Here is the image,I want to find all contact points in this image,I know the center and radius of each circle.In my mind, the euclidean distance maybe is not a efficient method to calculate the center-to-center distance.So,My question is how to find all the contact point of this image in a efficient way.Thanks.
Circles' contact points will be placed on the line from center1 to center2. So for example if both circles have the samze size you would choose intersection = center1 + 1/2*(center2-center1) But since your circles aren't of same size you could choose something like:
compute dirVector = center2-center1
compute d = |dirVector|
if d < radius1 + radius2 + threshold: consider circles to intersect so now compute contact point
gap = d - radius1 - radius2 // remark: here gap might become < 0 which is ok
contactPoint = center1 + (radius1+gap/2)*(dirVector/d)
I've tested this approach with primitive C++ code and I'm getting this result:
green circles are your original image, red circles are my extracted circles (not perfect but simple), pink dots are contact points for some contact-distance-threshold (20 pixel)

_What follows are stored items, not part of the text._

lemma Ek_eq_logistic:
  assumes "0 < knorm d k"
  shows "Ek d k t a = logistic a (2 * ln (knorm d k)) t"
  using assms by (simp add: Ek_def logistic_def powr_def mult_ac)

lemma abs_higher_deriv_Ek_param_le:
  assumes "k \<in> nonzero_lattice d" "0 \<le> \<alpha>" "0 < i"
  shows "\<bar>(deriv ^^ i) (\<lambda>a. Ek d k s a) \<alpha>\<bar> \<le> fact i / knorm d k powr (2 * s * real i)"
proof -
  have n: "1 \<le> knorm d k" using assms(1) by (rule knorm_ge_one)
  have "knorm d k powr (2 * s * real i) = (knorm d k powr (2 * s))^i"
    using n by (simp add: powr_power mult_ac)
  then show ?thesis
    using abs_higher_deriv_frac_add_le[of "knorm d k powr (2 * s)" \<alpha> i] n assms
    by (simp add: Ek_def)
qed

lemma abs_higher_deriv_Ek_le:
  assumes "k \<in> nonzero_lattice d" "0 < \<alpha>" "\<alpha> \<le> A" "0 < \<epsilon>" "i \<in> {1, 2, 3}"
  shows "\<bar>(deriv ^^ i) (\<lambda>t. Ek d k t \<alpha>) s\<bar> \<le> 2^i * A / (\<epsilon>^i * knorm d k powr (2 * s - real i * \<epsilon>))"
proof -
  define n where "n = knorm d k"
  have n: "1 \<le> n" unfolding n_def using assms(1) by (rule knorm_ge_one)
  have "(\<lambda>t. Ek d k t \<alpha>) = logistic \<alpha> (2 * ln n)"
    using n by (simp add: Ek_eq_logistic n_def)
  moreover have "exp (2 * ln n * s) = n powr (2 * s)"
    using n by (simp add: powr_def mult_ac)
  ultimately have "\<bar>(deriv ^^ i) (\<lambda>t. Ek d k t \<alpha>) s\<bar> \<le> \<bar>2 * ln n\<bar>^i * (\<alpha> / n powr (2 * s))"
    using abs_higher_deriv_logistic_le[OF assms(2,5)] by metis
  also have "\<dots> \<le> 2^i * A / (\<epsilon>^i * n powr (2 * s - real i * \<epsilon>))"
    using n assms by (intro ln_power_mult_div_powr_le) auto
  finally show ?thesis by (simp add: n_def)
qed

lemma abs_deriv_deriv_Ek_le:
  assumes "k \<in> nonzero_lattice d" "0 < \<alpha>" "0 < \<epsilon>"
  shows "\<bar>deriv (\<lambda>t. deriv (\<lambda>a. Ek d k t a) \<alpha>) s\<bar> \<le> 2 / (\<epsilon> * knorm d k powr (2 * s - \<epsilon>))"
proof -
  define n where "n = knorm d k"
  have n: "1 \<le> n" unfolding n_def using assms(1) by (rule knorm_ge_one)
  have "(\<lambda>t. deriv (\<lambda>a. Ek d k t a) \<alpha>) = (\<lambda>t. deriv (\<lambda>a. logistic a (2 * ln n) t) \<alpha>)"
    using n by (simp add: Ek_eq_logistic n_def)
  moreover have "exp (2 * ln n * s) = n powr (2 * s)"
    using n by (simp add: powr_def mult_ac)
  ultimately have "\<bar>deriv (\<lambda>t. deriv (\<lambda>a. Ek d k t a) \<alpha>) s\<bar> \<le> \<bar>2 * ln n\<bar> / n powr (2 * s)"
    using abs_deriv_deriv_logistic_param_le[OF assms(2), of "2 * ln n" s] by metis
  also have "\<dots> \<le> 2 / (\<epsilon> * n powr (2 * s - \<epsilon>))"
    using ln_power_mult_div_powr_le[where i = 1 and a = 1 and A = 1] n assms by simp
  finally show ?thesis by (simp add: n_def)
qed

theorem lemma3:
  fixes \<alpha>1 :: real
  assumes "0 < \<alpha>1"
  shows "\<exists>M :: nat \<Rightarrow> real. \<exists>M' :: real.
    (\<forall>i\<in>{1,2,3}. 0 < M i) \<and> 0 < M' \<and>
    (\<forall>(d::nat) (s0::real) s1 (\<alpha>0::real) g (\<epsilon>::real) s \<alpha>.
       1 \<le> d \<and> 0 < s0 \<and> s0 < s1 \<and> 0 < \<alpha>0 \<and> \<alpha>0 < \<alpha>1 \<and> L2_0 d g \<and> 0 < \<epsilon>
       \<and> s \<in> {s0..s1} \<and> \<alpha> \<in> {\<alpha>0..\<alpha>1} \<longrightarrow>
       (\<forall>i::nat\<in>{1,2,3}.
          l2_bounded_by (nonzero_lattice d)
            (\<lambda>k. complex_of_real ((deriv ^^ i) (\<lambda>a. Ek d k s a) \<alpha>) * fourier_coeff d g k)
            (\<lambda>k. fact i / knorm d k powr (2 * s * real i) * cmod (fourier_coeff d g k)))
     \<and> (\<forall>i::nat\<in>{1,2,3}.
          l2_bounded_by (nonzero_lattice d)
            (\<lambda>k. complex_of_real ((deriv ^^ i) (\<lambda>t. Ek d k t \<alpha>) s) * fourier_coeff d g k)
            (\<lambda>k. M i / (\<epsilon> ^ i * knorm d k powr (2 * s - real i * \<epsilon>)) * cmod (fourier_coeff d g k)))
     \<and> l2_bounded_by (nonzero_lattice d)
            (\<lambda>k. complex_of_real (deriv (\<lambda>t. deriv (\<lambda>a. Ek d k t a) \<alpha>) s) * fourier_coeff d g k)
            (\<lambda>k. M' / (\<epsilon> * knorm d k powr (2 * s - \<epsilon>)) * cmod (fourier_coeff d g k)))"
proof (intro exI[of _ "\<lambda>i. 2^i * \<alpha>1"] exI[of _ 2] conjI allI impI ballI l2_bounded_by_of_real_mult)
  fix d :: nat and s0 s1 \<alpha>0 \<epsilon> s \<alpha> :: real and g k
  assume "1 \<le> d \<and> 0 < s0 \<and> s0 < s1 \<and> 0 < \<alpha>0 \<and> \<alpha>0 < \<alpha>1 \<and> L2_0 d g \<and> 0 < \<epsilon>
       \<and> s \<in> {s0..s1} \<and> \<alpha> \<in> {\<alpha>0..\<alpha>1}"
  \<comment> \<open>The bounds hold for arbitrary coefficients; only these hypotheses are used.\<close>
  then have \<epsilon>: "0 < \<epsilon>" and \<alpha>: "0 < \<alpha>" "\<alpha> \<le> \<alpha>1" by auto
  assume k: "k \<in> nonzero_lattice d"
  show "\<bar>(deriv ^^ i) (\<lambda>a. Ek d k s a) \<alpha>\<bar> \<le> fact i / knorm d k powr (2 * s * real i)"
    if "i \<in> {1, 2, 3}" for i :: nat
    using k \<alpha>(1) that by (intro abs_higher_deriv_Ek_param_le) auto
  show "\<bar>(deriv ^^ i) (\<lambda>t. Ek d k t \<alpha>) s\<bar> \<le> 2^i * \<alpha>1 / (\<epsilon>^i * knorm d k powr (2 * s - real i * \<epsilon>))"
    if "i \<in> {1, 2, 3}" for i :: nat
    using k \<alpha> \<epsilon> that by (rule abs_higher_deriv_Ek_le)
  show "\<bar>deriv (\<lambda>t. deriv (\<lambda>a. Ek d k t a) \<alpha>) s\<bar> \<le> 2 / (\<epsilon> * knorm d k powr (2 * s - \<epsilon>))"
    using k \<alpha>(1) \<epsilon> by (rule abs_deriv_deriv_Ek_le)
qed (use assms in auto)

end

and this is the result for a much lower contact-distance-threshold (5) (but keep in mind that my extracted circle radius is a bit lower than yours):
To make this more efficient (because you would have to compare each pair of circles, no matter how far away they are => O(n²) ) you should use some kind of binary space partitioning like:
or similar
or try Spatial Hashing, but those are better suited for sparse areas.
In general you might want to search for collision detection optimizations to speed things up (there you'll find more information about binary space partitioning and spatial hashing).
Since your space is very filled you might consider a simple grid, too (which is similar to spatial hashing in this case):
//choose size of each grid cell to be the maximum found radius of all your circles.
gridCellSize = max diameter + contact-threshold-distance // radius was wrong I think
for each circle
indexX = round(center.x/gridCellSize)
indexY = round(center.y/gridCellSize)
grid[x,y].push_back(current circle)
for each circle in a grid-cell:
compare this circle to each other circle in the cell
compare this circle to each circle in all surrounding cells
ignore all circles in all other cells
for my previous example I've extracted a maxium radius of 44 pixel (yours might be something like 47 pixel, depending on the line size you used for drawing the circles.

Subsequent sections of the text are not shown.